*** Opening of RECORDS ***
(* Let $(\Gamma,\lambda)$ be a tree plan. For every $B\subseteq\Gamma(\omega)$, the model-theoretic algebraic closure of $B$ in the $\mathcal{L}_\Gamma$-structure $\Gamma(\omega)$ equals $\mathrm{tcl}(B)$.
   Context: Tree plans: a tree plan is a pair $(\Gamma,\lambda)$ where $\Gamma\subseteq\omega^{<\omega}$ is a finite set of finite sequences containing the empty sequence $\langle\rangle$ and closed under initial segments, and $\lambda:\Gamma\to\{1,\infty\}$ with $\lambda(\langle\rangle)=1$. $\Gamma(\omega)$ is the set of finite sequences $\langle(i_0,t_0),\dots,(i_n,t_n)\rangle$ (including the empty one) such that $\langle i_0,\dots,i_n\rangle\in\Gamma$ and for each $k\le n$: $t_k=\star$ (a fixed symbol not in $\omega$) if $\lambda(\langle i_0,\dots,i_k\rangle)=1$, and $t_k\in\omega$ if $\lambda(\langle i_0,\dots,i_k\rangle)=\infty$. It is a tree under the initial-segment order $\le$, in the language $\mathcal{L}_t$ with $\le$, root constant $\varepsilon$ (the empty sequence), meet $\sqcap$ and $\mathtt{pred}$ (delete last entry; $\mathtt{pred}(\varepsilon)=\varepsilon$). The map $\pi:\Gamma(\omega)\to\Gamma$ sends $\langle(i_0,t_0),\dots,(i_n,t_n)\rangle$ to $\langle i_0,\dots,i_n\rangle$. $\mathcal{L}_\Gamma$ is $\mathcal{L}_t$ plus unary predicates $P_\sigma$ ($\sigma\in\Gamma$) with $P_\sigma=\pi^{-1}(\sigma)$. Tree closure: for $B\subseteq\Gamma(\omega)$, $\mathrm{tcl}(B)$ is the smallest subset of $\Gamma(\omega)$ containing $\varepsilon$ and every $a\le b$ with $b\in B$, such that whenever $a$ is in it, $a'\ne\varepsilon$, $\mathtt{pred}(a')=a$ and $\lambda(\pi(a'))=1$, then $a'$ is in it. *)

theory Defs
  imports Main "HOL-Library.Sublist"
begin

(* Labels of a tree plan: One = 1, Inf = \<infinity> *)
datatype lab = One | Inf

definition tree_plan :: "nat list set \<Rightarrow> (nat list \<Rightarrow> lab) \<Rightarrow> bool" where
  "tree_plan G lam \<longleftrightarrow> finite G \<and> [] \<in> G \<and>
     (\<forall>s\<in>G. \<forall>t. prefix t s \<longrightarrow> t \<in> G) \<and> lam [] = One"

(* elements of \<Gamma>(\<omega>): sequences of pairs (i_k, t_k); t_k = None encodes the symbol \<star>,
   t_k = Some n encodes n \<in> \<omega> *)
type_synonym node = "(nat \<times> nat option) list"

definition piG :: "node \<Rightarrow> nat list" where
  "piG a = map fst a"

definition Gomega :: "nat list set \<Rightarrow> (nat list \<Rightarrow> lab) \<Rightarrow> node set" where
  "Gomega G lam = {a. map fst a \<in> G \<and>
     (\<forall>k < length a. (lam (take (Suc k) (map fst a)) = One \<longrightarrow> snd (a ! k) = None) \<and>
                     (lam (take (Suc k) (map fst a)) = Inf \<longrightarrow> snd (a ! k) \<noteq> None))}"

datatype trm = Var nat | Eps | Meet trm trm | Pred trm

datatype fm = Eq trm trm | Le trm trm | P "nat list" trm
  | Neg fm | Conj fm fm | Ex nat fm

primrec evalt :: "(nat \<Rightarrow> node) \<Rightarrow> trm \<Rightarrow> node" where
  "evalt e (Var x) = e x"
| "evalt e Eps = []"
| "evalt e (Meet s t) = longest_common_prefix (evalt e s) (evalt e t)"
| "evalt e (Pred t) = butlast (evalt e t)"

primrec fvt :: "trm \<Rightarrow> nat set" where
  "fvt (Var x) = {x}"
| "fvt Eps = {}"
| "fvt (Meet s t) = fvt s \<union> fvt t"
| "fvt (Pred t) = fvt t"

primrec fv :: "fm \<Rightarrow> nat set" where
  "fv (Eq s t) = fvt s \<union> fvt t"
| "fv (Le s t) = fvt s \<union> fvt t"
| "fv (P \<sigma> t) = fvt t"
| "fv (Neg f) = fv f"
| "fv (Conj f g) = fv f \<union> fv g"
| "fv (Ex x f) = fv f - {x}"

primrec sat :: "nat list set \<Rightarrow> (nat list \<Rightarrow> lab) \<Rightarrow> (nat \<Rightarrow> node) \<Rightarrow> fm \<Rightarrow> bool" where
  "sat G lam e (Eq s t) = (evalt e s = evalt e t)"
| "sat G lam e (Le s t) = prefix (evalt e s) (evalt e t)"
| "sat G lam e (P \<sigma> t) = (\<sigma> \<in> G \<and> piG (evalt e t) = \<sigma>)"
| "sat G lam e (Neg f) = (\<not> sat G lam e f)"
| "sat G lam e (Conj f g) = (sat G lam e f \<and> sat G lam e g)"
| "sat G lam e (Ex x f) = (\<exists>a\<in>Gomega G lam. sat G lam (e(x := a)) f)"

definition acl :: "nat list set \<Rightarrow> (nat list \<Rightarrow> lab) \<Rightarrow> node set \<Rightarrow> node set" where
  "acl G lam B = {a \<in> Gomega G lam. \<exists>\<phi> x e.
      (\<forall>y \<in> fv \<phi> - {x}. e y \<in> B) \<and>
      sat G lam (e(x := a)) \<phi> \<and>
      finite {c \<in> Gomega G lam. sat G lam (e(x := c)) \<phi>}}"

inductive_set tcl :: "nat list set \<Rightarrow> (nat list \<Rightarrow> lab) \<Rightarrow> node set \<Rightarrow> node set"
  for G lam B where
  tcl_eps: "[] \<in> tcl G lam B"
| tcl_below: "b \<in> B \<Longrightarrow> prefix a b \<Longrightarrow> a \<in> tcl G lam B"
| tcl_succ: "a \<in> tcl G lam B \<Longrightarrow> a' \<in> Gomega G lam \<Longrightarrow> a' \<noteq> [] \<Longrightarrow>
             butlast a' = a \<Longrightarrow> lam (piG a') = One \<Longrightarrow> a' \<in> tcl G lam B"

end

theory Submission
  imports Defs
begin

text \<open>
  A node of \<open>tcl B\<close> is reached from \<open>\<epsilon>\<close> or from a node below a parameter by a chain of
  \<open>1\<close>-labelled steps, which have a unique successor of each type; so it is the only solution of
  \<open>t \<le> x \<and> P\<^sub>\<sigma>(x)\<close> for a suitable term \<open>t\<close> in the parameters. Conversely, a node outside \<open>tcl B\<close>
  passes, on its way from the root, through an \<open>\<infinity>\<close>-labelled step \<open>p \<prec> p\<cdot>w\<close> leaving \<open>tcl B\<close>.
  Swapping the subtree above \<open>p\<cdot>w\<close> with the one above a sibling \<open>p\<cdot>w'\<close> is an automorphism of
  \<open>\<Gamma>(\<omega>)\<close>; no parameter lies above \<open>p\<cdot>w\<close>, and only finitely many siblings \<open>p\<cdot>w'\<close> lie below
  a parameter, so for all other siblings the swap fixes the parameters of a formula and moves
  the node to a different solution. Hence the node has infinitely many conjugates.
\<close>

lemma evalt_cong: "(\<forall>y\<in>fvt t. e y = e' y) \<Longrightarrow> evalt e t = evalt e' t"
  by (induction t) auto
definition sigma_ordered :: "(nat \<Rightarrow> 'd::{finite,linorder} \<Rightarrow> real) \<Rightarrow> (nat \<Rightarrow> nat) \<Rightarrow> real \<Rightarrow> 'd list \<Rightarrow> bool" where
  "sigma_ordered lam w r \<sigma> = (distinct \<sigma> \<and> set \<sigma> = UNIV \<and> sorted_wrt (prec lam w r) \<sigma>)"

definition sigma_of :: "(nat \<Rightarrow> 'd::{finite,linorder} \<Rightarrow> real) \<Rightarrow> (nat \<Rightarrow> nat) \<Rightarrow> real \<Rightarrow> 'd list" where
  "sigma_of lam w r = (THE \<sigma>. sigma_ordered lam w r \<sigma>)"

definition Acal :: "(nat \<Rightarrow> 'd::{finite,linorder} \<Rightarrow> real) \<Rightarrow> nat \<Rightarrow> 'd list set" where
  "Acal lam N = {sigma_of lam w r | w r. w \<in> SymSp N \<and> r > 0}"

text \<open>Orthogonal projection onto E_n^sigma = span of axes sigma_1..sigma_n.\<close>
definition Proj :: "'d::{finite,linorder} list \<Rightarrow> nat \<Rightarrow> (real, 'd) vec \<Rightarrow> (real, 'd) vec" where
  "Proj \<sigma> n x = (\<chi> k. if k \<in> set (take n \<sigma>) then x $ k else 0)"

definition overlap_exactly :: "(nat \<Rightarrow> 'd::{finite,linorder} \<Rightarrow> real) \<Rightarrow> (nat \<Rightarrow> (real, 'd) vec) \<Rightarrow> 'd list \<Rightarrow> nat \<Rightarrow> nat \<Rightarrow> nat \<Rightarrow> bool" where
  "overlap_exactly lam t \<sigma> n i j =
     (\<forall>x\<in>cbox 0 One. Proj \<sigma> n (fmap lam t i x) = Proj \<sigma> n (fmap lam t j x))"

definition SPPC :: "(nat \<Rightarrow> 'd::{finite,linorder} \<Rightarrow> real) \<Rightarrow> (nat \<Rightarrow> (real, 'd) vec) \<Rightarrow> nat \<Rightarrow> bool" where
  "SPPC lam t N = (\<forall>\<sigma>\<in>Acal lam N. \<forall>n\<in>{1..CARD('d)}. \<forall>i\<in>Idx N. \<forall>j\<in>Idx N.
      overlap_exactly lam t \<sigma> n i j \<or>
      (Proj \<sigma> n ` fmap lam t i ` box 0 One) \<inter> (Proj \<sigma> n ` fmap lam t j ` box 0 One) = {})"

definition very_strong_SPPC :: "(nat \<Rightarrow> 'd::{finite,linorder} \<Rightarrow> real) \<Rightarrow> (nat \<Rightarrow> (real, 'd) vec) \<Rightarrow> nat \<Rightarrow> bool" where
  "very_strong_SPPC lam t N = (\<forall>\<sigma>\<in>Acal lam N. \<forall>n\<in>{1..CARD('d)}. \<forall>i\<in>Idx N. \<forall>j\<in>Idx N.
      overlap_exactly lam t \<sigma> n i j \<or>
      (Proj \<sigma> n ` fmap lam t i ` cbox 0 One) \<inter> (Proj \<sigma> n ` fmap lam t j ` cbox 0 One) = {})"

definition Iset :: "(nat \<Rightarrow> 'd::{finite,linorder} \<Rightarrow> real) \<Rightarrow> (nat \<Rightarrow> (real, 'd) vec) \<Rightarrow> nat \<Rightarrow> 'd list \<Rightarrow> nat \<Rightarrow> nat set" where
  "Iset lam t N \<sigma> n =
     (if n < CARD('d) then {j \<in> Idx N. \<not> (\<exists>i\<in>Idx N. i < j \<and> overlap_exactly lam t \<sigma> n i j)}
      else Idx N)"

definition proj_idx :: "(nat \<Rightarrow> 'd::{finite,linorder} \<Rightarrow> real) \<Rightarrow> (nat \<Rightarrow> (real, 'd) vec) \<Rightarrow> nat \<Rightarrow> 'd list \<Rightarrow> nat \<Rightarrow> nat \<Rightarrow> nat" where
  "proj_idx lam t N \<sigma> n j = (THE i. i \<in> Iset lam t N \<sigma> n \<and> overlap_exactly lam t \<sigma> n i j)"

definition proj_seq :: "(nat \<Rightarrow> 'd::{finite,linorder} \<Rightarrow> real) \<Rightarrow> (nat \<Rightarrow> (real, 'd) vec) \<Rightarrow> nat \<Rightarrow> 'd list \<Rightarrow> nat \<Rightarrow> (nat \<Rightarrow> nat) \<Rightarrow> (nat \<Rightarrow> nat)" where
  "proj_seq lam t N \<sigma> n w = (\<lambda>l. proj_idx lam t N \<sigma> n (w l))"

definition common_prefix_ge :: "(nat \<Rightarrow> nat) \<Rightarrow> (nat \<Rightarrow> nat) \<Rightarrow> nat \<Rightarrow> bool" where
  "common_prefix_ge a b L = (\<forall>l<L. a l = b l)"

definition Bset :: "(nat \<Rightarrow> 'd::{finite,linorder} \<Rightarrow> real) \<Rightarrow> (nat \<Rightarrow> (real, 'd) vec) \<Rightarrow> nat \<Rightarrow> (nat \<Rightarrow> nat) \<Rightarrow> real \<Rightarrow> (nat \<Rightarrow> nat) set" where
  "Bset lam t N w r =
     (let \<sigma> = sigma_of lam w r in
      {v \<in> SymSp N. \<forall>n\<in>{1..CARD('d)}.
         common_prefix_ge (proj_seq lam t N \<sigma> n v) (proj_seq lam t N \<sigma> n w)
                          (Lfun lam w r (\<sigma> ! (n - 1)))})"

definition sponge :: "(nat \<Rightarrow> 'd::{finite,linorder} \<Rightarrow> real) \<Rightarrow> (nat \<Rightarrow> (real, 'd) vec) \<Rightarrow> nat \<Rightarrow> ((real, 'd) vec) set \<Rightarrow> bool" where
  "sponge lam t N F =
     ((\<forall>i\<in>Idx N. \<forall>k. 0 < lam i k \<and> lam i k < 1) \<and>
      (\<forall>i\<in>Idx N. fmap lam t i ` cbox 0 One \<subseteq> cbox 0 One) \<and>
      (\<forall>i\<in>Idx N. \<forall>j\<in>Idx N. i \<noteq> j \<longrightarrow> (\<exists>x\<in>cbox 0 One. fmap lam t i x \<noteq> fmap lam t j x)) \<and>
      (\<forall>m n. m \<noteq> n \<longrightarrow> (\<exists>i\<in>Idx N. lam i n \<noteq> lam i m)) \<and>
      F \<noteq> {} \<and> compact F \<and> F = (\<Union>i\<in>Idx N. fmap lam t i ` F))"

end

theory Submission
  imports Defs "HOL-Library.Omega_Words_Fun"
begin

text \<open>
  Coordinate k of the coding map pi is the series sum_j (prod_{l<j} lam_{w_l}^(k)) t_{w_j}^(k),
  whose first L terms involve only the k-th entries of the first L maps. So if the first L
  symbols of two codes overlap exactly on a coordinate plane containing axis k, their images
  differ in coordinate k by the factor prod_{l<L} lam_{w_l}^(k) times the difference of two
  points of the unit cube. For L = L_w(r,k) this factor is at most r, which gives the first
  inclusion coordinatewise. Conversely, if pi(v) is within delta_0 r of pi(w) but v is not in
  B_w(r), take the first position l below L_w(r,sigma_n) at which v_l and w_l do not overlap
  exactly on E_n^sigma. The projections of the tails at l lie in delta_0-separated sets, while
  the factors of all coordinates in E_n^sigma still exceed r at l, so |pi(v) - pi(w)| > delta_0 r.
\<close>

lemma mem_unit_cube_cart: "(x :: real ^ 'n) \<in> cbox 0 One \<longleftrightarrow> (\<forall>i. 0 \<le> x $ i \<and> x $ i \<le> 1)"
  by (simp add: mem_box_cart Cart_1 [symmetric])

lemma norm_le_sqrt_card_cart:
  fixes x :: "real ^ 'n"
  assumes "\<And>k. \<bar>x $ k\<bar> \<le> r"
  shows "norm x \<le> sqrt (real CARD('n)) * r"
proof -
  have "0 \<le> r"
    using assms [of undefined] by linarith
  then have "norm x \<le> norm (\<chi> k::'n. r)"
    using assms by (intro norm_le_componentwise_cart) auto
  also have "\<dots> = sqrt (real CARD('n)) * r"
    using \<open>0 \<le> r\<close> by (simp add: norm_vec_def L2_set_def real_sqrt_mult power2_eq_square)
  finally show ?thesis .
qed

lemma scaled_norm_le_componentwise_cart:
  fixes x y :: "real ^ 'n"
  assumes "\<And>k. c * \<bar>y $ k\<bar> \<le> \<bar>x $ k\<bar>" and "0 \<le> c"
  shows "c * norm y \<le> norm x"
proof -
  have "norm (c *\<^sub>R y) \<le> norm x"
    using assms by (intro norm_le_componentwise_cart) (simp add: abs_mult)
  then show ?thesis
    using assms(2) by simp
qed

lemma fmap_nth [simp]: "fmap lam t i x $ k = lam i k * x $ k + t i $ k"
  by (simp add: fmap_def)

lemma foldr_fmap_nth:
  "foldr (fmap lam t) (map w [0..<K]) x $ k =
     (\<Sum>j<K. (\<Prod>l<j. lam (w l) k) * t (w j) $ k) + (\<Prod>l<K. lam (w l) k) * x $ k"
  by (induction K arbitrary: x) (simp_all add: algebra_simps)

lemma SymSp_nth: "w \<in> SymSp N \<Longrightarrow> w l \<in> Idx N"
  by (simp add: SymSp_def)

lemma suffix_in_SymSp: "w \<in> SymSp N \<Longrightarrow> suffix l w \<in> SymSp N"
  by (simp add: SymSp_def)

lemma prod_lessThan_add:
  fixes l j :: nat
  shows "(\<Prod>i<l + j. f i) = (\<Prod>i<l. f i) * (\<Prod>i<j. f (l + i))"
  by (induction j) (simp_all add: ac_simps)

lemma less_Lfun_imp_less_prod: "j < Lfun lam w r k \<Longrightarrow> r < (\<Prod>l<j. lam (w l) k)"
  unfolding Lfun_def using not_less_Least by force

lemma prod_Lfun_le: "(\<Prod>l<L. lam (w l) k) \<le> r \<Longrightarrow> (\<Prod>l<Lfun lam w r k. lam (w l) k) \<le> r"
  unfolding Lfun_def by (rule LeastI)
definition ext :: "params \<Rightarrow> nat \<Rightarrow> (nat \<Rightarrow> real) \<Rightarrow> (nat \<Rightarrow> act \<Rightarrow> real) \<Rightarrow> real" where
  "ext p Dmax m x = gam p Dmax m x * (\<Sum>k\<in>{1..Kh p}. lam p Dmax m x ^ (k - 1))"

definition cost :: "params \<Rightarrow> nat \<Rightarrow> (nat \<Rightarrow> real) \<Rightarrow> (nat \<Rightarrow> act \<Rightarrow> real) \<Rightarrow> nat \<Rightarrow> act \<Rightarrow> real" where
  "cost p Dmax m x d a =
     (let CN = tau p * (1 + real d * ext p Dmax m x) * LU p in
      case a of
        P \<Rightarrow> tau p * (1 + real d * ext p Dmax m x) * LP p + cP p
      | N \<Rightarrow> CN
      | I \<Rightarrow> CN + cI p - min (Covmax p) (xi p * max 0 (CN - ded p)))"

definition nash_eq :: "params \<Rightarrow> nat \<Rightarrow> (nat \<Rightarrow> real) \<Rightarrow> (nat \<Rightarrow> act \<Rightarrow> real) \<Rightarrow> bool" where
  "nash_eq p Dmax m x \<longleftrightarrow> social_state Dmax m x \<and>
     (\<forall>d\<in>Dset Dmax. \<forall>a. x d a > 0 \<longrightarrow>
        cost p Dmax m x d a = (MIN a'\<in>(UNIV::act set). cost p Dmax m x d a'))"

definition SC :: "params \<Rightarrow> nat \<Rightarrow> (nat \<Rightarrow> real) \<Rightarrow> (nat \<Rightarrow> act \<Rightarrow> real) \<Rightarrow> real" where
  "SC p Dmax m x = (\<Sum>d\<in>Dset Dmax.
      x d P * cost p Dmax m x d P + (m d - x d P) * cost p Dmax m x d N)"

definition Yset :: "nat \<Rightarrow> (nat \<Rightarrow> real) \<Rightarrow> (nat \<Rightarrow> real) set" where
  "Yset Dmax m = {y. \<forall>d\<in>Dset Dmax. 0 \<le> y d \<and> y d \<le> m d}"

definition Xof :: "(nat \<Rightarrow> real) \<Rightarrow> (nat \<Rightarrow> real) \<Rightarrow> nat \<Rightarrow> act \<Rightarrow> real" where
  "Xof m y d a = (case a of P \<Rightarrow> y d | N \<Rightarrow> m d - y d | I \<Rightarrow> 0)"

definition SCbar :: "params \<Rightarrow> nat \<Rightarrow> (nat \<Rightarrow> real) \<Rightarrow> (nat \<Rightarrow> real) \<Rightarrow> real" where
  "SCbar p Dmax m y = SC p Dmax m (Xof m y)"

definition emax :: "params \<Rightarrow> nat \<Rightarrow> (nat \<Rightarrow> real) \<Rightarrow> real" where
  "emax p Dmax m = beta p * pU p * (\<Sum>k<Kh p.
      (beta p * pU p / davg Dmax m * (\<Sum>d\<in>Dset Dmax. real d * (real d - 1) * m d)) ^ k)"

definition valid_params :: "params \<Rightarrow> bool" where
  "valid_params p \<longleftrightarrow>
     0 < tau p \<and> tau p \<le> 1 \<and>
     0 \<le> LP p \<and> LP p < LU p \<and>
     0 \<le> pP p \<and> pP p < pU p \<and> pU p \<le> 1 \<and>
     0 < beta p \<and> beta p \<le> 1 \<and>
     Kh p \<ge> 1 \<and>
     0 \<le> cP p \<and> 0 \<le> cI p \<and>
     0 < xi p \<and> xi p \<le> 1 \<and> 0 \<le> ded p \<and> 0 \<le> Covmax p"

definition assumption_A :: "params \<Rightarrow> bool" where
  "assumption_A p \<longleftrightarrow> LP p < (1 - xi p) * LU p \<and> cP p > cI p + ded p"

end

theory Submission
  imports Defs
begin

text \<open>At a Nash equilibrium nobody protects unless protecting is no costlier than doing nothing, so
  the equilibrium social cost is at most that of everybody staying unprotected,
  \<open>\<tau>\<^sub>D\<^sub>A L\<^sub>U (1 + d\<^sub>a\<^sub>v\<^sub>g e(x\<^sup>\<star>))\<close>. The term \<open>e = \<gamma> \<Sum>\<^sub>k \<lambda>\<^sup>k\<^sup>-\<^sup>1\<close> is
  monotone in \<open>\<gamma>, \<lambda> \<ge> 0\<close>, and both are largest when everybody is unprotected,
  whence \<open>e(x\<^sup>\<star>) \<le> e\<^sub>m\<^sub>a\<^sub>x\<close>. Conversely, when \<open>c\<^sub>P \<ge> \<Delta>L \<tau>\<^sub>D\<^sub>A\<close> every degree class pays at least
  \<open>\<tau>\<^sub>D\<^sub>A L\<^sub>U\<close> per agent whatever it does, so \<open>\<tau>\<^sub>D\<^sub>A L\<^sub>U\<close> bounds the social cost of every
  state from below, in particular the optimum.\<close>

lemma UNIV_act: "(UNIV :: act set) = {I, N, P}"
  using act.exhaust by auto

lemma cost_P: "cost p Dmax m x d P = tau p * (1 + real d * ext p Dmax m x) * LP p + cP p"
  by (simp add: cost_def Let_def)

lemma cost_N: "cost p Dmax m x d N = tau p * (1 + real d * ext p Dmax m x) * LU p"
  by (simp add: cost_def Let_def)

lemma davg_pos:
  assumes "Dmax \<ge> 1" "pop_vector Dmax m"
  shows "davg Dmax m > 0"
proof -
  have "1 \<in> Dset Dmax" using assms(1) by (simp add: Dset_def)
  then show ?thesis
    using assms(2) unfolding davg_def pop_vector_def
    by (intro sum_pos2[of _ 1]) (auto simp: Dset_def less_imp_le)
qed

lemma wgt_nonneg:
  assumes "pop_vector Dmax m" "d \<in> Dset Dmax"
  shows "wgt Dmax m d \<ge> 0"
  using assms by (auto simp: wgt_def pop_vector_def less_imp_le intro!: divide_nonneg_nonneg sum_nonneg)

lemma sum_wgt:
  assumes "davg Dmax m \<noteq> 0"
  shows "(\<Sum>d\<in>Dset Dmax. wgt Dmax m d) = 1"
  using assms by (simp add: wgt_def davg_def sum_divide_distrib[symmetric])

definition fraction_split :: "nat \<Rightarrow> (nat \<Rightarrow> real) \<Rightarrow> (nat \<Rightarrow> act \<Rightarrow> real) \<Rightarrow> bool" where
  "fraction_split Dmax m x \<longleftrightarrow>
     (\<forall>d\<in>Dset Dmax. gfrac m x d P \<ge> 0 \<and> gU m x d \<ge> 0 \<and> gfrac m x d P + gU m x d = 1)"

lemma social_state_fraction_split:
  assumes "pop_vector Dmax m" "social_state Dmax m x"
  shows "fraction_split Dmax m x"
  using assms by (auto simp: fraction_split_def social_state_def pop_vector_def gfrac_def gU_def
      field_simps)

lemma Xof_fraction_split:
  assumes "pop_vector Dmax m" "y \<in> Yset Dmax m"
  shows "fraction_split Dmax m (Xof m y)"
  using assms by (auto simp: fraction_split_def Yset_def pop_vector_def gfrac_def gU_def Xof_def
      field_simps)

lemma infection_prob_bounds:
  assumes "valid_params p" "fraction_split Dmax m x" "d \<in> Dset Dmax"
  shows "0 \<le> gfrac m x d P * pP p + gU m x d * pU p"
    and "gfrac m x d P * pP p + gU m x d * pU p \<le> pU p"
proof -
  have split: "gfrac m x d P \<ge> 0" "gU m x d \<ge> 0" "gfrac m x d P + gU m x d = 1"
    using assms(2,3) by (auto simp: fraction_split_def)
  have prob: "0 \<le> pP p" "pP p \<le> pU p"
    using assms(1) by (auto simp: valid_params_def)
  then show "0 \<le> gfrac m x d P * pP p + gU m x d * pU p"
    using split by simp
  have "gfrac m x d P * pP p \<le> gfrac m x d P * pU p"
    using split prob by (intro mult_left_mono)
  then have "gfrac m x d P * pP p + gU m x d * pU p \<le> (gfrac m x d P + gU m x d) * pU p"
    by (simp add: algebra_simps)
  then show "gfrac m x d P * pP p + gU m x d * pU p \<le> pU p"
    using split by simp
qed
*** Close of RECORDS ***
Your task for the entries above: copy exactly the span starting with the line with "c * \<bar>y" and going on through the line with "i) = (\<Prod>i<l.", both lines included, and nothing else.

--- OUTPUT OF THE EXERCISE ---
  assumes "\<And>k. c * \<bar>y $ k\<bar> \<le> \<bar>x $ k\<bar>" and "0 \<le> c"
  shows "c * norm y \<le> norm x"
proof -
  have "norm (c *\<^sub>R y) \<le> norm x"
    using assms by (intro norm_le_componentwise_cart) (simp add: abs_mult)
  then show ?thesis
    using assms(2) by simp
qed

lemma fmap_nth [simp]: "fmap lam t i x $ k = lam i k * x $ k + t i $ k"
  by (simp add: fmap_def)

lemma foldr_fmap_nth:
  "foldr (fmap lam t) (map w [0..<K]) x $ k =
     (\<Sum>j<K. (\<Prod>l<j. lam (w l) k) * t (w j) $ k) + (\<Prod>l<K. lam (w l) k) * x $ k"
  by (induction K arbitrary: x) (simp_all add: algebra_simps)

lemma SymSp_nth: "w \<in> SymSp N \<Longrightarrow> w l \<in> Idx N"
  by (simp add: SymSp_def)

lemma suffix_in_SymSp: "w \<in> SymSp N \<Longrightarrow> suffix l w \<in> SymSp N"
  by (simp add: SymSp_def)

lemma prod_lessThan_add:
  fixes l j :: nat
  shows "(\<Prod>i<l + j. f i) = (\<Prod>i<l. f i) * (\<Prod>i<j. f (l + i))"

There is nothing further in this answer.